To succeed I need little steps and little challenges.

*   The first diet, the liver diet to actually have the operation.

*   The first 5Kg, the first 10Kg.

*   The first day in the gym, and the first time my clothes need replacing.

But I also need a big challenge, not just reaching the 76Kg (!) but something fun. I said I wanted to take part in sport with my friends. I said they ski and the dive. I can't ski and won't be able to. A few years back I badly broke my wrist, perhaps if I hadn't been so heavy the damage would have been less but it was a mess. It was thanks to a brilliant surgeon and even more fantastic physiotherapist put back together, but it will never be the same and can't be fixed a second time. So any sport where I could fall and automatically put my hands out, skiing, ice-skating are out. I am not sure I could actually hold a ski pole for very long either.
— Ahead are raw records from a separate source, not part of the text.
(* Let $D=(V,A,w)$ be a weighted digraph and let $R\in\mathcal{B}(D)$. Then $\mathrm{mac}(D)\ge\frac{w(D)}{4}+\frac{w(R)}{4}$.
   Context: A weighted digraph $D=(V,A,w)$ is a digraph without loops or parallel arcs (opposite arcs allowed) with weights $w:A\to\mathbb{R}_{\ge0}$; $w(H)$ is the total arc weight of a subgraph $H$. For a partition $(X,Y)$ of $V$, $w(X,Y)$ is the total weight of arcs from $X$ to $Y$, and $\mathrm{mac}(D)=\max_{(X,Y)}w(X,Y)$. A subdigraph is connected if its underlying undirected graph is connected. $\mathcal{B}(D)$ denotes the set of bipartite subdigraphs $R$ of $D$ such that for every connected component $R_1$ of $R$ with bipartition $(X_1,Y_1)$, both $X_1$ and $Y_1$ are independent sets in $D$ (no arc of $D$ has both ends in $X_1$, nor both ends in $Y_1$). *)

theory Defs
  imports Main "HOL-Library.Disjoint_Sets" Complex_Main
begin

text \<open>A weighted digraph: finite vertex set V, arc set A \<subseteq> V \<times> V without loops
 (parallel arcs are impossible since A is a set of pairs; opposite arcs allowed),
 weights w on arcs, nonnegative on A.\<close>
definition weighted_digraph :: "'a set \<Rightarrow> ('a \<times> 'a) set \<Rightarrow> ('a \<times> 'a \<Rightarrow> real) \<Rightarrow> bool" where
  "weighted_digraph V A w \<longleftrightarrow> finite V \<and> A \<subseteq> V \<times> V \<and> (\<forall>v. (v, v) \<notin> A)
     \<and> (\<forall>a\<in>A. w a \<ge> 0)"

definition wt :: "('a \<times> 'a \<Rightarrow> real) \<Rightarrow> ('a \<times> 'a) set \<Rightarrow> real" where
  "wt w B = (\<Sum>a\<in>B. w a)"

definition cut_weight :: "('a \<times> 'a) set \<Rightarrow> ('a \<times> 'a \<Rightarrow> real) \<Rightarrow> 'a set \<Rightarrow> 'a set \<Rightarrow> real" where
  "cut_weight A w X Y = wt w {(u, v) \<in> A. u \<in> X \<and> v \<in> Y}"

text \<open>mac(D): maximum over partitions (X, Y) of V (X = V - Y; parts may be empty).\<close>
definition mac :: "'a set \<Rightarrow> ('a \<times> 'a) set \<Rightarrow> ('a \<times> 'a \<Rightarrow> real) \<Rightarrow> real" where
  "mac V A w = Max {cut_weight A w X (V - X) | X. X \<subseteq> V}"

definition subdigraph :: "'a set \<Rightarrow> ('a \<times> 'a) set \<Rightarrow> 'a set \<Rightarrow> ('a \<times> 'a) set \<Rightarrow> bool" where
  "subdigraph V A VR AR \<longleftrightarrow> VR \<subseteq> V \<and> AR \<subseteq> A \<and> AR \<subseteq> VR \<times> VR"

definition independent :: "('a \<times> 'a) set \<Rightarrow> 'a set \<Rightarrow> bool" where
  "independent A S \<longleftrightarrow> (\<forall>u v. (u, v) \<in> A \<longrightarrow> \<not> (u \<in> S \<and> v \<in> S))"

definition components :: "'a set \<Rightarrow> ('a \<times> 'a) set \<Rightarrow> 'a set set" where
  "components VR AR = {{u \<in> VR. (v, u) \<in> (AR \<union> AR\<inverse>)\<^sup>*} | v. v \<in> VR}"

definition is_bipartition :: "('a \<times> 'a) set \<Rightarrow> 'a set \<Rightarrow> 'a set \<Rightarrow> 'a set \<Rightarrow> bool" where
  "is_bipartition AR C X1 Y1 \<longleftrightarrow> X1 \<union> Y1 = C \<and> X1 \<inter> Y1 = {}
     \<and> (\<forall>(u, v)\<in>AR. u \<in> C \<longrightarrow> (u \<in> X1 \<and> v \<in> Y1) \<or> (u \<in> Y1 \<and> v \<in> X1))"

definition calB :: "'a set \<Rightarrow> ('a \<times> 'a) set \<Rightarrow> ('a set \<times> ('a \<times> 'a) set) set" where
  "calB V A = {(VR, AR). subdigraph V A VR AR \<and>
     (\<forall>C\<in>components VR AR. \<exists>X1 Y1. is_bipartition AR C X1 Y1
        \<and> independent A X1 \<and> independent A Y1)}"

end

theory Submission
  imports Defs
begin

text \<open>Group the vertices into classes: each component of \<open>R\<close> is one class, and each vertex
  outside \<open>R\<close> forms a class of its own. Fix in each component its bipartition \<open>(X\<^sub>1, Y\<^sub>1)\<close>
  and choose, independently and uniformly for every class, whether its \<open>X\<^sub>1\<close>-side goes to \<open>X\<close>
  or to \<open>Y\<close>. An arc inside a class joins the two sides (both sides are independent in \<open>D\<close>),
  so it is cut with probability \<open>1/2\<close>; an arc between classes is cut with probability \<open>1/4\<close>.
  Since the arcs of \<open>R\<close> lie inside classes, the expected cut is at least
  \<open>w(D)/4 + w(R)/4\<close>, and the maximum cut is at least the average.\<close>

lemma card_subsets_prescribed:
  assumes "finite U" "K \<subseteq> U"
  shows "card {S \<in> Pow U. \<forall>k\<in>K. (k \<in> S) = P k} = 2 ^ (card U - card K)"
proof -
  have "bij_betw (\<lambda>T. T \<union> {k\<in>K. P k}) (Pow (U - K)) {S \<in> Pow U. \<forall>k\<in>K. (k \<in> S) = P k}"
    by (rule bij_betw_byWitness[where f' = "\<lambda>S. S - K"]) (use assms(2) in auto)
  then have "card {S \<in> Pow U. \<forall>k\<in>K. (k \<in> S) = P k} = card (Pow (U - K))"
    by (simp add: bij_betw_same_card)
  also have "\<dots> = 2 ^ (card U - card K)"
    using assms by (simp add: card_Pow card_Diff_subset finite_subset)
  finally show ?thesis .
qed

lemma real_card_subsets_prescribed:
  assumes "finite U" "K \<subseteq> U"
  shows "real (card {S \<in> Pow U. \<forall>k\<in>K. (k \<in> S) = P k}) = 2 ^ card U / 2 ^ card K"
proof -
  have "card K \<le> card U"
    using assms by (rule card_mono)
  then have "(2::real) ^ (card U - card K) * 2 ^ card K = 2 ^ card U"
    by (simp add: power_add[symmetric])
  then show ?thesis
    using card_subsets_prescribed[OF assms] by (simp add: field_simps)
qed

lemma real_card_switchings_cutting_arc:
  assumes "finite U" "cls u \<in> U" "cls v \<in> U"
    and "cls u = cls v \<Longrightarrow> s u \<noteq> s v"
  shows "real (card {S \<in> Pow U. (cls u \<in> S) = s u \<and> (cls v \<in> S) \<noteq> s v})
           = 2 ^ card U / (if cls u = cls v then 2 else 4)"
proof (cases "cls u = cls v")
  case True
  then have "{S \<in> Pow U. (cls u \<in> S) = s u \<and> (cls v \<in> S) \<noteq> s v}
               = {S \<in> Pow U. \<forall>k\<in>{cls u}. (k \<in> S) = s u}"
    using assms(4) by auto
  then show ?thesis
    using True real_card_subsets_prescribed[OF assms(1), of "{cls u}"] assms(2) by simp
next
  case False
  define P where "P k = (if k = cls u then s u else \<not> s v)" for k
  have "{S \<in> Pow U. (cls u \<in> S) = s u \<and> (cls v \<in> S) \<noteq> s v}
          = {S \<in> Pow U. \<forall>k\<in>{cls u, cls v}. (k \<in> S) = P k}"
    using False by (auto simp: P_def)
  then show ?thesis
    using False real_card_subsets_prescribed[OF assms(1), of "{cls u, cls v}" P] assms(2,3)
    by simp
qed

lemma weighted_digraph_finite_arcs: "weighted_digraph V A w \<Longrightarrow> finite A"
  unfolding weighted_digraph_def by (meson finite_SigmaI finite_subset)

lemma cut_weight_le_mac:
  assumes "finite V" "X \<subseteq> V"
  shows "cut_weight A w X (V - X) \<le> mac V A w"
proof -
  have "{cut_weight A w Y (V - Y) | Y. Y \<subseteq> V} = (\<lambda>Y. cut_weight A w Y (V - Y)) ` Pow V"
    by auto
  then have "finite {cut_weight A w Y (V - Y) | Y. Y \<subseteq> V}"
    using assms(1) by simp
  then show ?thesis
    unfolding mac_def by (rule Max_ge) (use assms(2) in auto)
qed

lemma cut_weight_complement_eq_sum:
  assumes "finite A" "A \<subseteq> V \<times> V"
  shows "cut_weight A w X (V - X) = (\<Sum>a\<in>A. if fst a \<in> X \<and> snd a \<notin> X then w a else 0)"
proof -
  have "{(u, v) \<in> A. u \<in> X \<and> v \<in> V - X} = {a \<in> A. fst a \<in> X \<and> snd a \<notin> X}"
    using assms(2) by auto
  then show ?thesis
    unfolding cut_weight_def wt_def
    by (simp add: sum.inter_filter[OF assms(1)])
qed

lemma mac_ge_switching_average:
  fixes cls :: "'a \<Rightarrow> 'b" and s :: "'a \<Rightarrow> bool"
  assumes D: "weighted_digraph V A w"
    and alternating: "\<And>u v. (u, v) \<in> A \<Longrightarrow> cls u = cls v \<Longrightarrow> s u \<noteq> s v"
  shows "wt w A / 4 + wt w {(u, v) \<in> A. cls u = cls v} / 4 \<le> mac V A w"
proof -
  have finV: "finite V" and AV: "A \<subseteq> V \<times> V"
    using D unfolding weighted_digraph_def by auto
  have finA: "finite A"
    using D by (rule weighted_digraph_finite_arcs)
  define U where "U = cls ` V"
  define n where "n = card U"
  have finU: "finite U"
    using finV by (simp add: U_def)
  define X where "X S = {v \<in> V. (cls v \<in> S) = s v}" for S
  define cuts where
    "cuts a = {S \<in> Pow U. (cls (fst a) \<in> S) = s (fst a) \<and> (cls (snd a) \<in> S) \<noteq> s (snd a)}"
    for a
  have card_cuts:
    "real (card (cuts a)) = 2 ^ n / (if cls (fst a) = cls (snd a) then 2 else 4)"
    if "a \<in> A" for a
    unfolding cuts_def n_def
    using that AV alternating[of "fst a" "snd a"]
    by (intro real_card_switchings_cutting_arc finU) (auto simp: U_def)
  have cut_iff: "fst a \<in> X S \<and> snd a \<notin> X S \<longleftrightarrow> S \<in> cuts a" if "a \<in> A" "S \<in> Pow U" for a S
    using that AV by (auto simp: X_def cuts_def)
  have "2 ^ n * mac V A w = (\<Sum>S\<in>Pow U. mac V A w)"
    using finU by (simp add: card_Pow n_def)
  also have "\<dots> \<ge> (\<Sum>S\<in>Pow U. cut_weight A w (X S) (V - X S))"
    by (intro sum_mono cut_weight_le_mac finV) (auto simp: X_def)
  also have "(\<Sum>S\<in>Pow U. cut_weight A w (X S) (V - X S))
      = (\<Sum>S\<in>Pow U. \<Sum>a\<in>A. if S \<in> cuts a then w a else 0)"
    by (intro sum.cong refl) (simp add: cut_weight_complement_eq_sum[OF finA AV] cut_iff)
  also have "\<dots> = (\<Sum>a\<in>A. w a * real (card (cuts a)))"
  proof (subst sum.swap, intro sum.cong refl)
    fix a
    have "cuts a \<subseteq> Pow U"
      by (auto simp: cuts_def)
    then show "(\<Sum>S\<in>Pow U. if S \<in> cuts a then w a else 0) = w a * real (card (cuts a))"
      using finU by (simp add: sum.If_cases Int_absorb1)
  qed
  also have "\<dots> = (\<Sum>a\<in>A. 2 ^ n * (w a / 4 + (if cls (fst a) = cls (snd a) then w a / 4 else 0)))"
    by (intro sum.cong refl) (auto simp: card_cuts)
  also have "\<dots> = 2 ^ n * (wt w A / 4 + wt w {(u, v) \<in> A. cls u = cls v} / 4)"
  proof -
    have "wt w {(u, v) \<in> A. cls u = cls v} = (\<Sum>a\<in>A. if cls (fst a) = cls (snd a) then w a else 0)"
      unfolding wt_def sum.inter_filter[OF finA, symmetric] by (rule sum.cong) auto
    then show ?thesis
      unfolding wt_def
      by (simp add: sum_distrib_left sum.distrib sum_divide_distrib distrib_left
          if_distrib[of "\<lambda>x. x / 4"] cong: if_cong)
  qed
  finally show ?thesis
    by simp
qed

definition component_of :: "'a set \<Rightarrow> ('a \<times> 'a) set \<Rightarrow> 'a \<Rightarrow> 'a set" where
  "component_of VR AR v = {u \<in> VR. (v, u) \<in> (AR \<union> AR\<inverse>)\<^sup>*}"

lemma component_of_in_components: "v \<in> VR \<Longrightarrow> component_of VR AR v \<in> components VR AR"
  unfolding components_def component_of_def by auto

lemma self_in_component_of: "v \<in> VR \<Longrightarrow> v \<in> component_of VR AR v"
  unfolding component_of_def by simp

lemma component_of_eq:
  assumes "u \<in> VR" "v \<in> component_of VR AR u"
  shows "component_of VR AR v = component_of VR AR u"
proof -
  have uv: "(u, v) \<in> (AR \<union> AR\<inverse>)\<^sup>*"
    using assms(2) by (simp add: component_of_def)
  have "(v, u) \<in> ((AR \<union> AR\<inverse>)\<inverse>)\<^sup>*"
    using uv by (simp add: rtrancl_converseI)
  moreover have "(AR \<union> AR\<inverse>)\<inverse> = AR \<union> AR\<inverse>"
    by auto
  ultimately have "(v, u) \<in> (AR \<union> AR\<inverse>)\<^sup>*"
    by simp
  with uv show ?thesis
    unfolding component_of_def by (auto intro: rtrancl_trans)
qed

lemma component_of_arc:
  assumes "AR \<subseteq> VR \<times> VR" "(u, v) \<in> AR"
  shows "component_of VR AR v = component_of VR AR u"
  using assms by (intro component_of_eq) (auto simp: component_of_def)

text \<open>Vertices outside \<open>VR\<close> are put into singleton classes; they cannot collide with a
  component or with each other, since \<open>D\<close> has no loops.\<close>

lemma calB_alternating_classes:
  assumes "(VR, AR) \<in> calB V A" "\<And>v. (v, v) \<notin> A"
  obtains cls :: "'a \<Rightarrow> 'a set" and s :: "'a \<Rightarrow> bool"
  where "\<And>u v. (u, v) \<in> A \<Longrightarrow> cls u = cls v \<Longrightarrow> s u \<noteq> s v"
    and "\<And>u v. (u, v) \<in> AR \<Longrightarrow> cls u = cls v"
proof -
  have ARVR: "AR \<subseteq> VR \<times> VR"
    using assms(1) unfolding calB_def subdigraph_def by auto
  have "\<forall>C\<in>components VR AR. \<exists>X1 Y1. is_bipartition AR C X1 Y1
          \<and> independent A X1 \<and> independent A Y1"
    using assms(1) unfolding calB_def by auto
  then obtain X1 Y1 where bip: "\<And>C. C \<in> components VR AR \<Longrightarrow>
      is_bipartition AR C (X1 C) (Y1 C) \<and> independent A (X1 C) \<and> independent A (Y1 C)"
    by metis
  let ?C = "component_of VR AR"
  define cls where "cls v = (if v \<in> VR then ?C v else {v})" for v
  define s where "s v = (v \<in> X1 (?C v))" for v
  show thesis
  proof
    fix u v
    assume uv: "(u, v) \<in> A" and same: "cls u = cls v"
    have "u \<noteq> v"
      using uv assms(2) by auto
    then have VR: "u \<in> VR" "v \<in> VR"
      using same self_in_component_of[of u VR AR] self_in_component_of[of v VR AR]
      by (auto simp: cls_def split: if_splits)
    then have C: "?C v = ?C u"
      using same by (simp add: cls_def)
    let ?K = "?C u"
    have K: "is_bipartition AR ?K (X1 ?K) (Y1 ?K)" "independent A (X1 ?K)" "independent A (Y1 ?K)"
      using bip[OF component_of_in_components[OF VR(1)]] by auto
    have "u \<in> X1 ?K \<union> Y1 ?K" "v \<in> X1 ?K \<union> Y1 ?K" "X1 ?K \<inter> Y1 ?K = {}"
      using K(1) C self_in_component_of[OF VR(1)] self_in_component_of[OF VR(2)]
      unfolding is_bipartition_def by auto
    moreover have "\<not> (u \<in> X1 ?K \<and> v \<in> X1 ?K)" "\<not> (u \<in> Y1 ?K \<and> v \<in> Y1 ?K)"
      using K(2,3) uv unfolding independent_def by auto
    ultimately show "s u \<noteq> s v"
      using C by (auto simp: s_def)
  next
    fix u v
    assume "(u, v) \<in> AR"
    then show "cls u = cls v"
      using ARVR component_of_arc[OF ARVR] by (auto simp: cls_def)
  qed
qed

theorem mainTheorem4:
  fixes V :: "'a set" and A :: "('a \<times> 'a) set" and w :: "'a \<times> 'a \<Rightarrow> real"
    and VR :: "'a set" and AR :: "('a \<times> 'a) set"
  assumes "weighted_digraph V A w"
    and "(VR, AR) \<in> calB V A"
  shows "mac V A w \<ge> wt w A / 4 + wt w AR / 4"
proof -
  have loopless: "\<And>v. (v, v) \<notin> A" and nonneg: "\<And>a. a \<in> A \<Longrightarrow> w a \<ge> 0"
    using assms(1) unfolding weighted_digraph_def by auto
  have "AR \<subseteq> A"
    using assms(2) unfolding calB_def subdigraph_def by auto
  obtain cls :: "'a \<Rightarrow> 'a set" and s :: "'a \<Rightarrow> bool" where
    alternating: "\<And>u v. (u, v) \<in> A \<Longrightarrow> cls u = cls v \<Longrightarrow> s u \<noteq> s v" and
    inside: "\<And>u v. (u, v) \<in> AR \<Longrightarrow> cls u = cls v"
    using calB_alternating_classes[OF assms(2) loopless] by blast
  have "finite A"
    using assms(1) by (rule weighted_digraph_finite_arcs)
  then have "finite {(u, v) \<in> A. cls u = cls v}"
    by (rule rev_finite_subset) auto
  moreover have "AR \<subseteq> {(u, v) \<in> A. cls u = cls v}"
    using \<open>AR \<subseteq> A\<close> inside by auto
  ultimately have "wt w AR \<le> wt w {(u, v) \<in> A. cls u = cls v}"
    unfolding wt_def using nonneg by (intro sum_mono2) auto
  moreover have "wt w A / 4 + wt w {(u, v) \<in> A. cls u = cls v} / 4 \<le> mac V A w"
    using assms(1) alternating by (rule mac_ge_switching_average)
  ultimately show ?thesis
    by linarith
qed

end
Exercise will also be a challenge, I will have a personal trainer to get started and I will go back to the physio to see what he suggests. I can carry heavy weights in my hand but can't lift or pull with it, so need a little help with that.

But today I made the pledge to dive next year with friends. And I am very excited about it already.

Don't Read the Gutter Press

When you decide to do something, you are suddenly aware of it far more around you. So now I have decided to have this operation I see evidence of it everywhere. As I tell friends they all know someone who has had some sort of weight lose surgery, but this week there appears to be a conspiracy. It has been headlined in the press and not for the right reasons.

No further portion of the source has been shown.